(Collected data entries)
════════════════════

(* Let $(\mathcal{A},\varphi)$ be a $C^*$-probability space and let $(a_i)_{i=1}^\infty$ be a family of elements of $\mathcal{A}$ which is V-monotonically independent with respect to $\varphi$ (index set $I=\mathbb{N}_+$ with its natural order), identically distributed (i.e. $\varphi(a_i^k)$ does not depend on $i$ for every $k\in\mathbb{N}$), with $\varphi(a_i)=0$ and $\varphi(a_i^2)=1$. Let $S_N=\frac{1}{\sqrt N}\sum_{i=1}^N a_i$. Then for every $n\in\mathbb{N}$, $$\lim_{N\to\infty}\varphi(S_N^n)=\begin{cases}\dfrac{|\mathcal{OV}^2(2k)|}{k!} & \text{if } n=2k,\\ 0 & \text{if } n \text{ is odd.}\end{cases}$$
   Context: For $1\le m\le n$ let $I_{n,m}=\{(i_1,\dots,i_n)\in I^n: i_1>\dots>i_m<\dots<i_n\}$ (strict inequalities; $I_{1,1}=I$) and $I_n=\bigcup_{m=1}^n I_{n,m}$. A family $(\mathcal{A}_i)_{i\in I}$ of subalgebras of a unital algebra $\mathcal{A}$ with state $\varphi$ ($\varphi(\mathbf 1)=1$), where each $\mathcal{A}_i$ has an inner unit $\mathbf 1_i$ ($\mathbf 1_i a=a\mathbf 1_i=a$ for $a\in\mathcal{A}_i$), is V-monotonically independent with respect to $\varphi$ if $\varphi(\mathbf 1_i)=1$ for all $i$ and for every $(i_1,\dots,i_n)\in I^n$ with $i_k\ne i_{k+1}$ for all $k$ and all $a_k\in\mathcal{A}_{i_k}$: (i) if $\varphi(a_1)=\dots=\varphi(a_n)=0$ then $\varphi(a_1\cdots a_n)=0$; (ii) letting $r$ be the largest index with $(i_1,\dots,i_r)\in I_r$, for every $j\in[n]$ with $\varphi(a_1)=\dots=\varphi(a_{j-1})=0$ one has $\varphi(a_1\cdots a_{j-1}\mathbf 1_{i_j}a_{j+1}\cdots a_n)=\varphi(a_1\cdots a_{j-1}a_{j+1}\cdots a_n)$ if $j\le r$ and $=0$ if $j>r$. A family of elements $(a_i)$ is V-monotonically independent if the algebras generated by $a_i$ and $\mathbf 1_i$ (for given inner units $\mathbf 1_i$) are. A $C^*$-probability space is a unital $C^*$-algebra with a state. For a non-crossing partition $\pi$ of $[n]$ and blocks $B,B'\in\pi$, write $B'<B$ if there are two consecutive elements $p<p'$ of $B'$ (no element of $B'$ between them) such that $p<k<p'$ for all $k\in B$; $B'$ is the nearest outer block of $B$ if $B'<B$ and there is no $B''$ with $B'<B''<B$. A labeling $\mathfrak i:\pi\to I$ is V-monotone if for every sequence of blocks $B_1,\dots,B_r$ ($r\ge1$) such that $B_{k+1}$ is the nearest outer block of $B_k$ for each $k<r$, we have $(\mathfrak i(B_1),\dots,\mathfrak i(B_r))\in I_r$. $\mathcal{OV}^2(2k)$ denotes the set of pairs $(\pi,\mathfrak i)$ where $\pi$ is a non-crossing pair partition of $[2k]$ (all blocks of size 2) and $\mathfrak i:\pi\to[k]$ is a bijection which is a V-monotone labeling (with $I=\mathbb{N}_+$). *)

theory Defs
  imports "HOL-Analysis.Analysis" "HOL-Library.Disjoint_Sets" "HOL-Library.FuncSet"
begin

text \<open>A unital complex C*-algebra is modelled on a real Banach algebra type with unit
  together with a complex scalar multiplication extending the real one and an involution.\<close>

definition cstar_algebra :: "(complex \<Rightarrow> 'a::{real_normed_algebra_1,banach} \<Rightarrow> 'a) \<Rightarrow> ('a \<Rightarrow> 'a) \<Rightarrow> bool"
  where "cstar_algebra smul star \<longleftrightarrow>
    (\<forall>r x. smul (complex_of_real r) x = scaleR r x) \<and>
    (\<forall>c x y. smul c (x + y) = smul c x + smul c y) \<and>
    (\<forall>c d x. smul (c + d) x = smul c x + smul d x) \<and>
    (\<forall>c d x. smul c (smul d x) = smul (c * d) x) \<and>
    (\<forall>c x y. smul c (x * y) = smul c x * y \<and> smul c (x * y) = x * smul c y) \<and>
    (\<forall>c x. norm (smul c x) = cmod c * norm x) \<and>
    (\<forall>x. star (star x) = x) \<and>
    (\<forall>x y. star (x + y) = star x + star y) \<and>
    (\<forall>c x. star (smul c x) = smul (cnj c) (star x)) \<and>
    (\<forall>x y. star (x * y) = star y * star x) \<and>
    (\<forall>x. norm (star x * x) = (norm x)\<^sup>2)"

definition is_state :: "(complex \<Rightarrow> 'a \<Rightarrow> 'a) \<Rightarrow> ('a \<Rightarrow> 'a) \<Rightarrow> ('a::ring_1 \<Rightarrow> complex) \<Rightarrow> bool"
  where "is_state smul star \<phi> \<longleftrightarrow>
    (\<forall>x y. \<phi> (x + y) = \<phi> x + \<phi> y) \<and>
    (\<forall>c x. \<phi> (smul c x) = c * \<phi> x) \<and>
    (\<forall>x. Im (\<phi> (star x * x)) = 0 \<and> Re (\<phi> (star x * x)) \<ge> 0) \<and>
    \<phi> 1 = 1"

definition cstar_prob_space :: "(complex \<Rightarrow> 'a \<Rightarrow> 'a) \<Rightarrow> ('a \<Rightarrow> 'a) \<Rightarrow> ('a::{real_normed_algebra_1,banach} \<Rightarrow> complex) \<Rightarrow> bool"
  where "cstar_prob_space smul star \<phi> \<longleftrightarrow> cstar_algebra smul star \<and> is_state smul star \<phi>"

════════════════════

Exactly the lines from the one containing "(\<forall>x y. star (x *" through the end of the records above should be returned, with both ends kept.

    (\<forall>x y. star (x * y) = star y * star x) \<and>
    (\<forall>x. norm (star x * x) = (norm x)\<^sup>2)"

definition is_state :: "(complex \<Rightarrow> 'a \<Rightarrow> 'a) \<Rightarrow> ('a \<Rightarrow> 'a) \<Rightarrow> ('a::ring_1 \<Rightarrow> complex) \<Rightarrow> bool"
  where "is_state smul star \<phi> \<longleftrightarrow>
    (\<forall>x y. \<phi> (x + y) = \<phi> x + \<phi> y) \<and>
    (\<forall>c x. \<phi> (smul c x) = c * \<phi> x) \<and>
    (\<forall>x. Im (\<phi> (star x * x)) = 0 \<and> Re (\<phi> (star x * x)) \<ge> 0) \<and>
    \<phi> 1 = 1"

definition cstar_prob_space :: "(complex \<Rightarrow> 'a \<Rightarrow> 'a) \<Rightarrow> ('a \<Rightarrow> 'a) \<Rightarrow> ('a::{real_normed_algebra_1,banach} \<Rightarrow> complex) \<Rightarrow> bool"
  where "cstar_prob_space smul star \<phi> \<longleftrightarrow> cstar_algebra smul star \<and> is_state smul star \<phi>"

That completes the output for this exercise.